Loose Moose Theatre Company
- Company type: Not-for-profit arts organization
- Industry: Theatre|Comedy|Entertainment
- Founded: 1977 in Calgary, Canada
- Founder: Keith Johnstone and Mel Tonken
- Headquarters: Calgary, Canada
- Key people: Dennis Cahill (Artistic Director)
- Number of employees: 2+
- Website: http://www.loosemoose.com

= Loose Moose Theatre =

The Loose Moose Theatre Company (LMTC), is a theater company based in Calgary, Alberta, Canada. It was co-founded in 1977, by Keith Johnstone and Mel Tonken. LMTC has an international reputation for developing the theatrical style of improvisation and specifically the work of Keith Johnstone. LMTC is the birthplace of such improvisation shows as Theatresports, Maestro, Gorilla Theatre, and Life Game.

== History ==
The Loose Moose is an active theatre company producing in house and touring, plus it offers a training centre for individuals interested in improvisational theatre. They have continued a long-standing tradition of producing a weekend-afternoon series of children's theatre, and an evening series of improvisational comedic theatre as well as various improvised based plays and special events such as the International Improvisation Summit in March 2010 and Improvisation marathons (the longest of which lasted 52 hours of sleepless improvisation). It also was an early adopter and supporter of gay content in the late 1970s to draw attention to social injustice.

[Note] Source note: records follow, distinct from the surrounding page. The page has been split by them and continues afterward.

(* Let $d\ge2$ and $R>0$, and let $P\subseteq R\mathbb{B}_2^d$ be a simple bounded polytope containing the origin in its interior, with polar $P^\circ=\{y:\langle x,y\rangle\le1\ \forall x\in P\}$. Suppose every facet of $P^\circ$ has Euclidean diameter at most $\gamma>0$. Then for every $c\in\mathbb{S}^{d-1}$, every vertex $v^+$ of $P$ maximizing $c^\top x$ and every vertex $v^-$ of $P$ minimizing $c^\top x$, there is no simplex path from $v^+$ to $v^-$ of length less than $(d-1)\big(\frac{2}{R\gamma}-2\big)$.
   Context: Write $P=\{x: a_j^\top x\le 1,\ j\in[n]\}$ as a minimal inequality description. A simplex path of length $k$ from $v^+$ to $v^-$ is a sequence $B^0,\dots,B^k\in\binom{[n]}{d}$ of feasible bases of $P$ (index sets whose constraints are tight at a vertex of $P$ and linearly independent) with $|B^{i-1}\cap B^i|=d-1$ for all $i$, such that $a_j^\top v^+=1$ for all $j\in B^0$ and $a_j^\top v^-=1$ for all $j\in B^k$. Simple means every vertex lies on exactly $d$ facets. *)

theory Defs
  imports "HOL-Analysis.Analysis"
begin

definition polyP :: "(nat \<Rightarrow> real^'d) \<Rightarrow> nat \<Rightarrow> (real^'d) set" where
  "polyP a n = {x. \<forall>j<n. a j \<bullet> x \<le> 1}"

definition minimal_description :: "(nat \<Rightarrow> real^'d) \<Rightarrow> nat \<Rightarrow> bool" where
  "minimal_description a n \<longleftrightarrow>
     (\<forall>j<n. {x. \<forall>i<n. i \<noteq> j \<longrightarrow> a i \<bullet> x \<le> 1} \<noteq> polyP a n)"

definition polar :: "(real^'d) set \<Rightarrow> (real^'d) set" where
  "polar S = {y. \<forall>x\<in>S. x \<bullet> y \<le> 1}"

definition simple_polytope :: "(real^'d) set \<Rightarrow> bool" where
  "simple_polytope S \<longleftrightarrow>
     (\<forall>v. v extreme_point_of S \<longrightarrow> card {F. F facet_of S \<and> v \<in> F} = CARD('d))"

definition feasible_basis :: "(nat \<Rightarrow> real^'d) \<Rightarrow> nat \<Rightarrow> nat set \<Rightarrow> bool" where
  "feasible_basis a n B \<longleftrightarrow>
     B \<subseteq> {..<n} \<and> card B = CARD('d) \<and> inj_on a B \<and> independent (a ` B) \<and>
     (\<exists>v. v extreme_point_of polyP a n \<and> (\<forall>j\<in>B. a j \<bullet> v = 1))"

text \<open>A simplex path B^0,...,B^k (a list of length k+1) from vp to vm; its length is k.\<close>
definition simplex_path ::
  "(nat \<Rightarrow> real^'d) \<Rightarrow> nat \<Rightarrow> real^'d \<Rightarrow> real^'d \<Rightarrow> nat set list \<Rightarrow> bool" where
  "simplex_path a n vp vm Bs \<longleftrightarrow>
     Bs \<noteq> [] \<and>
     (\<forall>i<length Bs. feasible_basis a n (Bs ! i)) \<and>
     (\<forall>i. 0 < i \<and> i < length Bs \<longrightarrow> card (Bs ! (i - 1) \<inter> Bs ! i) = CARD('d) - 1) \<and>
     (\<forall>j\<in>hd Bs. a j \<bullet> vp = 1) \<and>
     (\<forall>j\<in>last Bs. a j \<bullet> vm = 1)"

end

theory Submission
  imports Defs
begin

(* If a feasible basis B is tight at a point v of P, its d normals a_j are affinely independent
   points of the face {y in polar P. v y = 1}, which is therefore a facet of the polar and has
   diameter at most gamma. A pivot exchanges a single index, so any d consecutive bases of a
   simplex path share an index, and along the path every d - 1 pivots advance by at most gamma.
   The points c / (c vp) and c / (c vm) lie on the facets of the polar determined by vp and vm,
   and since 0 < c vp <= R and -R <= c vm < 0 they are at least 2/R apart. Hence a path of
   length k satisfies 2/R <= gamma (k / (d - 1) + 2). *)

definition pivot_sequence :: "nat \<Rightarrow> 'a set list \<Rightarrow> bool" where
  "pivot_sequence d Bs \<longleftrightarrow>
     (\<forall>B\<in>set Bs. finite B \<and> card B = d) \<and>
     (\<forall>i. Suc i < length Bs \<longrightarrow> card (Bs ! i \<inter> Bs ! Suc i) = d - 1)"

lemma pivot_sequence_card_Inter:
  assumes "pivot_sequence d Bs" and "i + m < length Bs"
  shows "d - m \<le> card (\<Inter>l\<in>{i..i+m}. Bs ! l)"
  using assms(2)
proof (induction m)
  case 0
  then show ?case using assms(1) by (simp add: pivot_sequence_def)
next
  case (Suc m)
  define X where "X = (\<Inter>l\<in>{i..i+m}. Bs ! l)"
  define A where "A = Bs ! (i + m)"
  define C where "C = Bs ! Suc (i + m)"
  have Inter_Suc: "(\<Inter>l\<in>{i..i + Suc m}. Bs ! l) = X \<inter> C"
    unfolding X_def C_def by (auto simp: le_Suc_eq)
  have "X \<subseteq> A"
    unfolding X_def A_def by auto
  moreover have "finite A" "card A = d" "card (A \<inter> C) = d - 1"
    using assms(1) Suc.prems unfolding pivot_sequence_def A_def C_def by auto
  ultimately have "card (X - C) \<le> card (A - C)" "card (A - C) \<le> 1"
    by (auto intro: card_mono) (simp add: card_Diff_subset_Int)
  moreover have "card X \<le> card (X \<inter> C) + card (X - C)"
    by (metis Int_Diff_Un card_Un_le)
  moreover have "d - m \<le> card X"
    using Suc by (simp add: X_def)
  ultimately show ?case
    unfolding Inter_Suc by linarith
qed

lemma pivot_sequence_common_element:
  assumes "pivot_sequence d Bs" and "i \<le> k" and "k < length Bs" and "k - i < d"
  obtains j where "\<And>l. i \<le> l \<Longrightarrow> l \<le> k \<Longrightarrow> j \<in> Bs ! l"
proof -
  have "0 < card (\<Inter>l\<in>{i..k}. Bs ! l)"
    using pivot_sequence_card_Inter[OF assms(1), of i "k - i"] assms(2-4) by simp
  then obtain j where "j \<in> (\<Inter>l\<in>{i..k}. Bs ! l)"
    by (metis card.empty ex_in_conv less_irrefl)
  then show ?thesis
    by (intro that) auto
qed

lemma pivot_sequence_dist_stride:
  fixes f :: "'a \<Rightarrow> 'b::metric_space"
  assumes seq: "pivot_sequence d Bs" and "e < d" and "t * e < length Bs"
    and close: "\<forall>B\<in>set Bs. \<forall>j\<in>B. \<forall>j'\<in>B. dist (f j) (f j') \<le> \<gamma>"
    and start: "\<forall>j\<in>hd Bs. dist p (f j) \<le> \<gamma>"
  shows "\<forall>j\<in>Bs ! (t * e). dist p (f j) \<le> \<gamma> * (real t + 1)"
  using \<open>t * e < length Bs\<close>
proof (induction t)
  case 0
  then show ?case
    using start by (simp add: hd_conv_nth)
next
  case (Suc t)
  have "Suc t * e - t * e < d"
    using \<open>e < d\<close> by simp
  then obtain j' where j': "\<And>l. t * e \<le> l \<Longrightarrow> l \<le> Suc t * e \<Longrightarrow> j' \<in> Bs ! l"
    using pivot_sequence_common_element[OF seq _ Suc.prems, of "t * e"] by force
  have "dist p (f j') \<le> \<gamma> * (real t + 1)"
    using Suc j'[of "t * e"] by simp
  show ?case
  proof
    fix j assume "j \<in> Bs ! (Suc t * e)"
    then have "dist (f j') (f j) \<le> \<gamma>"
      using close j'[of "Suc t * e"] nth_mem[OF Suc.prems] by simp
    then have "dist p (f j) \<le> \<gamma> * (real t + 1) + \<gamma>"
      using \<open>dist p (f j') \<le> \<gamma> * (real t + 1)\<close> dist_triangle[of p "f j" "f j'"] by linarith
    then show "dist p (f j) \<le> \<gamma> * (real (Suc t) + 1)"
      by (simp add: algebra_simps)
  qed
qed

lemma pivot_sequence_dist_bound:
  fixes f :: "'a \<Rightarrow> 'b::metric_space"
  assumes seq: "pivot_sequence d Bs" and "Bs \<noteq> []" and "2 \<le> d" and "0 \<le> \<gamma>"
    and close: "\<forall>B\<in>set Bs. \<forall>j\<in>B. \<forall>j'\<in>B. dist (f j) (f j') \<le> \<gamma>"
    and start: "\<forall>j\<in>hd Bs. dist p (f j) \<le> \<gamma>"
    and finish: "\<forall>j\<in>last Bs. dist (f j) q \<le> \<gamma>"
  shows "dist p q \<le> \<gamma> * (real (length Bs - 1) / real (d - 1) + 2)"
proof -
  define k where "k = length Bs - 1"
  define e where "e = d - 1"
  define t where "t = k div e"
  have "0 < e" "e < d" "k < length Bs"
    using \<open>2 \<le> d\<close> \<open>Bs \<noteq> []\<close> by (auto simp: e_def k_def)
  have "t * e \<le> k"
    by (simp add: t_def div_times_less_eq_dividend)
  have "k - t * e < d"
    using mod_less_divisor[OF \<open>0 < e\<close>, of k] div_mult_mod_eq[of k e] \<open>e < d\<close>
    unfolding t_def by linarith
  then obtain j where "\<And>l. t * e \<le> l \<Longrightarrow> l \<le> k \<Longrightarrow> j \<in> Bs ! l"
    using pivot_sequence_common_element[OF seq \<open>t * e \<le> k\<close> \<open>k < length Bs\<close>] by blast
  then have j: "j \<in> Bs ! (t * e)" "j \<in> Bs ! k"
    using \<open>t * e \<le> k\<close> by simp_all
  have "dist p (f j) \<le> \<gamma> * (real t + 1)"
    using pivot_sequence_dist_stride[OF seq \<open>e < d\<close> _ close start] \<open>t * e \<le> k\<close>
      \<open>k < length Bs\<close> j(1) by simp
  moreover have "dist (f j) q \<le> \<gamma>"
    using finish j(2) \<open>Bs \<noteq> []\<close> by (simp add: last_conv_nth k_def)
  ultimately have "dist p q \<le> \<gamma> * (real t + 1) + \<gamma>"
    using dist_triangle[of p q "f j"] by linarith
  also have "\<dots> = \<gamma> * (real t + 2)"
    by (simp add: algebra_simps)
  also have "\<dots> \<le> \<gamma> * (real k / real e + 2)"
    using \<open>t * e \<le> k\<close> \<open>0 < e\<close> \<open>0 \<le> \<gamma>\<close>
    by (intro mult_left_mono) (simp_all add: field_simps flip: of_nat_mult)
  finally show ?thesis
    by (simp add: k_def e_def)
qed

lemma simplex_path_feasible_basis:
  "simplex_path a n vp vm Bs \<Longrightarrow> B \<in> set Bs \<Longrightarrow> feasible_basis a n B"
  by (auto simp: simplex_path_def in_set_conv_nth)

lemma simplex_path_pivot_sequence:
  fixes a :: "nat \<Rightarrow> real^'d"
  assumes "simplex_path a n vp vm Bs"
  shows "pivot_sequence CARD('d) Bs"
proof -
  have "finite B \<and> card B = CARD('d)" if "B \<in> set Bs" for B
    using simplex_path_feasible_basis[OF assms that]
    by (simp add: feasible_basis_def card_ge_0_finite)
  moreover have "card (Bs ! i \<inter> Bs ! Suc i) = CARD('d) - 1" if "Suc i < length Bs" for i
  proof -
    have "\<forall>i. 0 < i \<and> i < length Bs \<longrightarrow> card (Bs ! (i - 1) \<inter> Bs ! i) = CARD('d) - 1"
      using assms by (simp add: simplex_path_def)
    then show ?thesis
      using that by (metis diff_Suc_1 zero_less_Suc)
  qed
  ultimately show ?thesis
    by (simp add: pivot_sequence_def)
qed

lemma convex_polar: "convex (polar S)"
proof -
  have "polar S = (\<Inter>x\<in>S. {y. x \<bullet> y \<le> 1})"
    unfolding polar_def by auto
  then show ?thesis
    by (simp add: convex_INT convex_halfspace_le)
qed

lemma polar_subset_cball:
  assumes "0 < \<epsilon>" and "cball 0 \<epsilon> \<subseteq> S"
  shows "polar S \<subseteq> cball 0 (1 / \<epsilon>)"
proof
  fix y assume "y \<in> polar S"
  show "y \<in> cball 0 (1 / \<epsilon>)"
  proof (cases "y = 0")
    case True
    then show ?thesis using assms by simp
  next
    case False
    have "(\<epsilon> / norm y) *\<^sub>R y \<in> S"
      using assms(2) \<open>0 < \<epsilon>\<close> by (auto simp: subset_iff)
    then have "((\<epsilon> / norm y) *\<^sub>R y) \<bullet> y \<le> 1"
      using \<open>y \<in> polar S\<close> unfolding polar_def by blast
    moreover have "((\<epsilon> / norm y) *\<^sub>R y) \<bullet> y = \<epsilon> * norm y"
      using False by (simp add: power2_norm_eq_inner[symmetric] power2_eq_square)
    ultimately have "\<epsilon> * norm y \<le> 1"
      by simp
    then show ?thesis
      using \<open>0 < \<epsilon>\<close> by (simp add: field_simps)
  qed
qed

lemma bounded_polar: "0 \<in> interior S \<Longrightarrow> bounded (polar S)"
  by (meson bounded_cball bounded_subset mem_interior_cball polar_subset_cball)

lemma cball_subset_polar:
  fixes S :: "(real^'d) set"
  assumes "0 < R" and "S \<subseteq> cball 0 R"
  shows "cball 0 (1 / R) \<subseteq> polar S"
proof
  fix y :: "real^'d" assume "y \<in> cball 0 (1 / R)"
  have "x \<bullet> y \<le> 1" if "x \<in> S" for x
  proof -
    have "x \<bullet> y \<le> norm x * norm y"
      by (rule norm_cauchy_schwarz)
    also have "\<dots> \<le> R * (1 / R)"
      using assms that \<open>y \<in> cball 0 (1 / R)\<close> by (intro mult_mono) auto
    finally show ?thesis
      using \<open>0 < R\<close> by simp
  qed
  then show "y \<in> polar S"
    by (simp add: polar_def)
qed

lemma aff_dim_polar:
  fixes S :: "(real^'d) set"
  assumes "bounded S"
  shows "aff_dim (polar S) = CARD('d)"
proof -
  obtain R where "0 < R" "S \<subseteq> cball 0 R"
    using assms by (auto simp: bounded_pos subset_iff)
  then have "0 \<in> interior (polar S)"
    unfolding mem_interior_cball using cball_subset_polar by (intro exI[of _ "1 / R"]) auto
  then show ?thesis
    using aff_dim_nonempty_interior[of "polar S"] by auto
qed

lemma facet_of_supporting_hyperplane:
  fixes Q :: "'a::euclidean_space set"
  assumes "convex Q" and "aff_dim Q = DIM('a)" and "\<forall>y\<in>Q. v \<bullet> y \<le> b"
    and "v \<noteq> 0" and "\<not> affine_dependent A" and "card A = DIM('a)"
    and "A \<subseteq> Q \<inter> {y. v \<bullet> y = b}"
  shows "Q \<inter> {y. v \<bullet> y = b} facet_of Q"
proof -
  have "aff_dim A = DIM('a) - 1"
    using aff_dim_affine_independent[OF assms(5)] assms(6) by simp
  then have "DIM('a) - 1 \<le> aff_dim (Q \<inter> {y. v \<bullet> y = b})"
    using aff_dim_subset[OF assms(7)] by simp
  moreover have "aff_dim (Q \<inter> {y. v \<bullet> y = b}) \<le> DIM('a) - 1"
    using aff_dim_subset[of "Q \<inter> {y. v \<bullet> y = b}" "{y. v \<bullet> y = b}"] \<open>v \<noteq> 0\<close> by auto
  moreover have "Q \<inter> {y. v \<bullet> y = b} face_of Q"
    using assms(1,3) face_of_Int_supporting_hyperplane_le by blast
  moreover have "Q \<inter> {y. v \<bullet> y = b} \<noteq> {}"
    using assms(6,7) by (metis DIM_positive card.empty less_irrefl subset_empty)
  ultimately show ?thesis
    unfolding facet_of_def assms(2) by simp
qed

Loose Moose has existed in a few venues since its inception. Originally in the Pumphouse theatre, Loose Moose moved to a space within an industrial complex in the northeast area of Calgary (near the airport). After space-use and lease negotiations with a neighbouring Christian academy failed to be resolved, LMTC took up in the historic Garry Theatre in the Inglewood district. In 2005, LMTC moved into a new performance space in the Calgary Crossroads Market.

From 1988-2019, the Loose Moose hosted the Loose Moose International Improvisation Summer School, a two-week school in the summer drawing people all over the world to Calgary, which was long recognized as a hub of narrative improvisation inspiration and education in the world.

Many LMTC alumni are now working in the areas of film, television, stage and still use their improvisational skills as a foundation for their work. Loose Moose alumni include Michael Rohl, Roman Danylo, Rebecca Northan, Albert Howell, Ryan Belleville, Tony Totino, Rick Hilton, Dave Duncan, Mark McKinney, Bruce McCulloch, Norm Hiscock, Veena Sood, Clem Martini, Patti Stiles, Derek Flores, Terra Hazelton, Eric Amber, Roger Fredericks, Jan Derbyshire, Roderick Crawford, Chris Cline, Frank Totino, Pat Kelly, Shawn Kinley, Bruce Horak, Peter Oldring, Dave Lawrence, Rob Mitchelson, Dave Ware, A.J. Demers, Renee Amber, Andrew Phung, Steve Jarand, Immanuela Lawrence, Graeme Davies and Jenny Wynter.

In 1998, Dennis Cahill became the Artistic Director of Loose Moose.